lemma integrable_fdens_psi_oracle: "integrable G (\<lambda>\<theta>. fdens s \<theta> y * psi_oracle (snd \<theta>) y)"
proof (rule integrable_param_dist)
  show "(\<lambda>\<theta>. fdens s \<theta> y * psi_oracle (snd \<theta>) y) \<in> borel_measurable borel"
    using borel_measurable_fdens borel_measurable_psi_oracle by (rule borel_measurable_times)
  show "\<bar>fdens s \<theta> y * psi_oracle (snd \<theta>) y\<bar> \<le> 1" if \<theta>: "\<theta> \<in> param_space s" for \<theta>
  proof (cases "fdens s \<theta> y = 0")
    case False
    then show ?thesis
      using fdens_nonneg[OF \<theta>] fdens_le_1[OF \<theta>] psi_oracle_le_1[OF \<theta> False] psi_oracle_nonneg[OF \<theta>]
      by (simp add: abs_mult mult_le_one)
  qed simp
qed

lemma integrable_snd: "integrable G snd"
  by (rule integrable_param_dist)
     (auto intro!: borel_measurable_continuous_onI continuous_intros dest: param_space_snd)

lemma mix_nonneg: "0 \<le> mix s G y"
  unfolding mix_def by (rule integral_nonneg_AE) (use AE_param_space in eventually_elim, rule fdens_nonneg)

lemma sum_mix: "(\<Sum>y\<in>S. mix s G y) = (\<integral>\<theta>. (\<Sum>y\<in>S. fdens s \<theta> y) \<partial>G)"
  unfolding mix_def by (rule Bochner_Integration.integral_sum[symmetric]) (rule integrable_fdens)

lemma sum_mix_le_1:
  assumes S: "finite S"
  shows "(\<Sum>y\<in>S. mix s G y) \<le> 1"
proof -
  interpret prob_space G by (rule prob_space_param_dist)
  have "(\<integral>\<theta>. (\<Sum>y\<in>S. fdens s \<theta> y) \<partial>G) \<le> (\<integral>\<theta>. 1 \<partial>G)"
  proof (rule integral_mono_AE)
    show "integrable G (\<lambda>\<theta>. \<Sum>y\<in>S. fdens s \<theta> y)"
      by (intro Bochner_Integration.integrable_sum integrable_fdens)
    show "AE \<theta> in G. (\<Sum>y\<in>S. fdens s \<theta> y) \<le> 1"
      using AE_param_space by eventually_elim (rule sum_fdens_le_1[OF _ S])
  qed simp
  then show ?thesis by (simp add: sum_mix prob_space)
qed

lemma nn_integral_mix: "(\<integral>\<^sup>+y. ennreal (mix s G y) \<partial>count_space UNIV) = 1"
proof -
  interpret prob_space G by (rule prob_space_param_dist)
  have "(\<integral>\<^sup>+y. ennreal (mix s G y) \<partial>count_space UNIV)
      = (\<integral>\<^sup>+y. \<integral>\<^sup>+\<theta>. ennreal (fdens s \<theta> y) \<partial>G \<partial>count_space UNIV)"
    unfolding mix_def
    by (intro nn_integral_cong nn_integral_eq_integral[symmetric] integrable_fdens)
       (use AE_param_space in eventually_elim, rule fdens_nonneg)
  also have "\<dots> = (\<integral>\<^sup>+\<theta>. \<integral>\<^sup>+y. ennreal (fdens s \<theta> y) \<partial>count_space UNIV \<partial>G)"
    using integrable_fdens
    by (intro nn_integral_count_space_nn_integral[symmetric]) auto
  also have "\<dots> = (\<integral>\<^sup>+\<theta>. 1 \<partial>G)"
    by (rule nn_integral_cong_AE) (use AE_param_space in eventually_elim, rule nn_integral_fdens)
  finally show ?thesis by (simp add: emeasure_space_1)
qed

definition mix_pmf :: "(nat \<times> nat) pmf" where
  "mix_pmf = embed_pmf (mix s G)"

lemma pmf_mix_pmf: "pmf mix_pmf y = mix s G y"
  unfolding mix_pmf_def by (rule pmf_embed_pmf) (use mix_nonneg nn_integral_mix in auto)

lemma infsum_mix_compl:
  assumes S: "finite S"
  shows "infsum (mix s G) (- S) = 1 - (\<Sum>y\<in>S. mix s G y)"
proof -
  have "measure mix_pmf (- S) = infsum (pmf mix_pmf) (- S)"
    by (simp add: measure_pmf_conv_infsetsum infsetsum_infsum pmf_abs_summable)
  moreover have "pmf mix_pmf = mix s G"
    by (rule ext) (rule pmf_mix_pmf)
  ultimately have "infsum (mix s G) (- S) = measure mix_pmf (- S)"
    by simp
  also have "\<dots> = 1 - measure mix_pmf S"
    using measure_pmf.prob_compl[of S mix_pmf] by (simp add: Compl_eq_Diff_UNIV)
  finally show ?thesis by (simp add: measure_measure_pmf_finite[OF S] pmf_mix_pmf)
qed

lemma cond_mean_K0_integrals:
  defines "A \<equiv> \<integral>\<theta>. snd \<theta> * kdens s (fst \<theta>) 0 \<partial>G" and "B \<equiv> \<integral>\<theta>. kdens s (fst \<theta>) 0 \<partial>G"
  shows "0 \<le> A" and "A \<le> B"
proof -
  have int_A: "integrable G (\<lambda>\<theta>. snd \<theta> * kdens s (fst \<theta>) 0)"
    using integrable_fdens_psi_oracle[of "(0, 0)"]
    by (simp add: fdens_def binom_dens_def psi_oracle_def mult.commute)
  have int_B: "integrable G (\<lambda>\<theta>. kdens s (fst \<theta>) 0)"
    using integrable_fdens[of "(0, 0)"] by (simp add: fdens_def binom_dens_def)
  have "AE \<theta> in G. 0 \<le> snd \<theta> * kdens s (fst \<theta>) 0 \<and> snd \<theta> * kdens s (fst \<theta>) 0 \<le> kdens s (fst \<theta>) 0"
    using AE_param_space
  proof eventually_elim
    case (elim \<theta>)
    then show ?case
      using param_space_snd[OF elim] kdens_nonneg[OF param_space_fst[OF elim], of 0]
      by (simp add: mult_left_le_one_le)
  qed
  then show "0 \<le> A" "A \<le> B"
    unfolding A_def B_def
    by (auto intro!: integral_nonneg_AE integral_mono_AE[OF int_A int_B] elim: AE_mp)
qed

lemma cond_mean_K0_range: "0 \<le> cond_mean_K0 s G \<and> cond_mean_K0 s G \<le> 1"
  using cond_mean_K0_integrals unfolding cond_mean_K0_def
  by (cases "(\<integral>\<theta>. kdens s (fst \<theta>) 0 \<partial>G) = 0") (auto simp: divide_le_eq_1)

text \<open>At \<open>K = 0\<close> this holds because \<open>Psi_star\<close> is the posterior mean of \<open>p\<close> there.\<close>

lemma mix_mult_Psi_star: "mix s G y * Psi_star s G y = (\<integral>\<theta>. fdens s \<theta> y * psi_oracle (snd \<theta>) y \<partial>G)"
proof (cases "snd y > 0 \<or> fst y > snd y")
  case True
  then show ?thesis by (auto simp: mix_def Psi_star_def psi_oracle_def fdens_eq_0)
next
  case False
  then have y: "y = (0, 0)" by (cases y) auto
  let ?A = "\<integral>\<theta>. snd \<theta> * kdens s (fst \<theta>) 0 \<partial>G" and ?B = "\<integral>\<theta>. kdens s (fst \<theta>) 0 \<partial>G"
  have "mix s G y * Psi_star s G y = ?B * (?A / ?B)"
    by (simp add: y mix_def Psi_star_def cond_mean_K0_def fdens_def binom_dens_def)
  also have "\<dots> = ?A"
    using cond_mean_K0_integrals by (cases "?B = 0") auto
  finally show ?thesis
    by (simp add: y fdens_def binom_dens_def psi_oracle_def mult.commute)
qed

lemma eta_hat_minus_sum_Psi_star_bounds:
  assumes S: "finite S"
  defines "D \<equiv> eta_hat G - (\<Sum>y\<in>S. mix s G y * Psi_star s G y)"
  shows "0 \<le> D" and "D \<le> 1 - (\<Sum>y\<in>S. mix s G y)"
proof -
  interpret prob_space G by (rule prob_space_param_dist)
  let ?\<psi> = "\<lambda>\<theta>. \<Sum>y\<in>S. fdens s \<theta> y * psi_oracle (snd \<theta>) y"
  have int_\<psi>: "integrable G ?\<psi>"
    by (intro Bochner_Integration.integrable_sum integrable_fdens_psi_oracle)
  have int_f: "integrable G (\<lambda>\<theta>. \<Sum>y\<in>S. fdens s \<theta> y)"
    by (intro Bochner_Integration.integrable_sum integrable_fdens)
  have D: "D = (\<integral>\<theta>. snd \<theta> - ?\<psi> \<theta> \<partial>G)"
    unfolding D_def eta_hat_def mix_mult_Psi_star
    by (subst Bochner_Integration.integral_sum[symmetric], rule integrable_fdens_psi_oracle,
        rule Bochner_Integration.integral_diff[symmetric, OF integrable_snd int_\<psi>])
  show "0 \<le> D"
    unfolding D by (rule integral_nonneg_AE)
      (use AE_param_space in \<open>eventually_elim, use sum_fdens_psi_oracle_le[OF _ S] in auto\<close>)
  have "(\<integral>\<theta>. snd \<theta> - ?\<psi> \<theta> \<partial>G) \<le> (\<integral>\<theta>. 1 - (\<Sum>y\<in>S. fdens s \<theta> y) \<partial>G)"
  proof (rule integral_mono_AE)
    show "AE \<theta> in G. snd \<theta> - ?\<psi> \<theta> \<le> 1 - (\<Sum>y\<in>S. fdens s \<theta> y)"
      using AE_param_space
    proof eventually_elim
      case (elim \<theta>)
      show ?case
        using sum_fdens_one_minus_psi_oracle_le[OF elim S] by (simp add: algebra_simps sum_subtractf)
    qed
  qed (use integrable_snd int_\<psi> int_f in simp_all)
  then show "D \<le> 1 - (\<Sum>y\<in>S. mix s G y)"
    using int_f by (simp add: D sum_mix prob_space)
qed

lemma finite_mix_ge:
  assumes c: "c > 0"
  shows "finite {y. c \<le> mix s G y}"
proof (rule ccontr)
  assume "infinite {y. c \<le> mix s G y}"
  then obtain B where B: "finite B" "card B = nat \<lceil>1 / c\<rceil> + 1" "B \<subseteq> {y. c \<le> mix s G y}"
    using infinite_arbitrarily_large by blast
  have "real (card B) * c \<le> (\<Sum>y\<in>B. mix s G y)"
    using B(3) sum_mono[of B "\<lambda>_. c" "mix s G"] by auto
  also have "\<dots> \<le> 1" by (rule sum_mix_le_1[OF B(1)])
  finally have "real (card B) * c \<le> 1" .
  moreover have "real (card B) > 1 / c" using B(2) by linarith
  then have "real (card B) * c > 1" using c by (simp add: field_simps)
  ultimately show False by simp
qed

### TASK BRIEF
Find the line with "1 - measure" in the entries above. Retype it and each line after it, exactly, through the line with "using param_space_snd[OF elim]", and stop there.

### FINISHED TASK
  also have "\<dots> = 1 - measure mix_pmf S"
    using measure_pmf.prob_compl[of S mix_pmf] by (simp add: Compl_eq_Diff_UNIV)
  finally show ?thesis by (simp add: measure_measure_pmf_finite[OF S] pmf_mix_pmf)
qed

lemma cond_mean_K0_integrals:
  defines "A \<equiv> \<integral>\<theta>. snd \<theta> * kdens s (fst \<theta>) 0 \<partial>G" and "B \<equiv> \<integral>\<theta>. kdens s (fst \<theta>) 0 \<partial>G"
  shows "0 \<le> A" and "A \<le> B"
proof -
  have int_A: "integrable G (\<lambda>\<theta>. snd \<theta> * kdens s (fst \<theta>) 0)"
    using integrable_fdens_psi_oracle[of "(0, 0)"]
    by (simp add: fdens_def binom_dens_def psi_oracle_def mult.commute)
  have int_B: "integrable G (\<lambda>\<theta>. kdens s (fst \<theta>) 0)"
    using integrable_fdens[of "(0, 0)"] by (simp add: fdens_def binom_dens_def)
  have "AE \<theta> in G. 0 \<le> snd \<theta> * kdens s (fst \<theta>) 0 \<and> snd \<theta> * kdens s (fst \<theta>) 0 \<le> kdens s (fst \<theta>) 0"
    using AE_param_space
  proof eventually_elim
    case (elim \<theta>)
    then show ?case
      using param_space_snd[OF elim] kdens_nonneg[OF param_space_fst[OF elim], of 0]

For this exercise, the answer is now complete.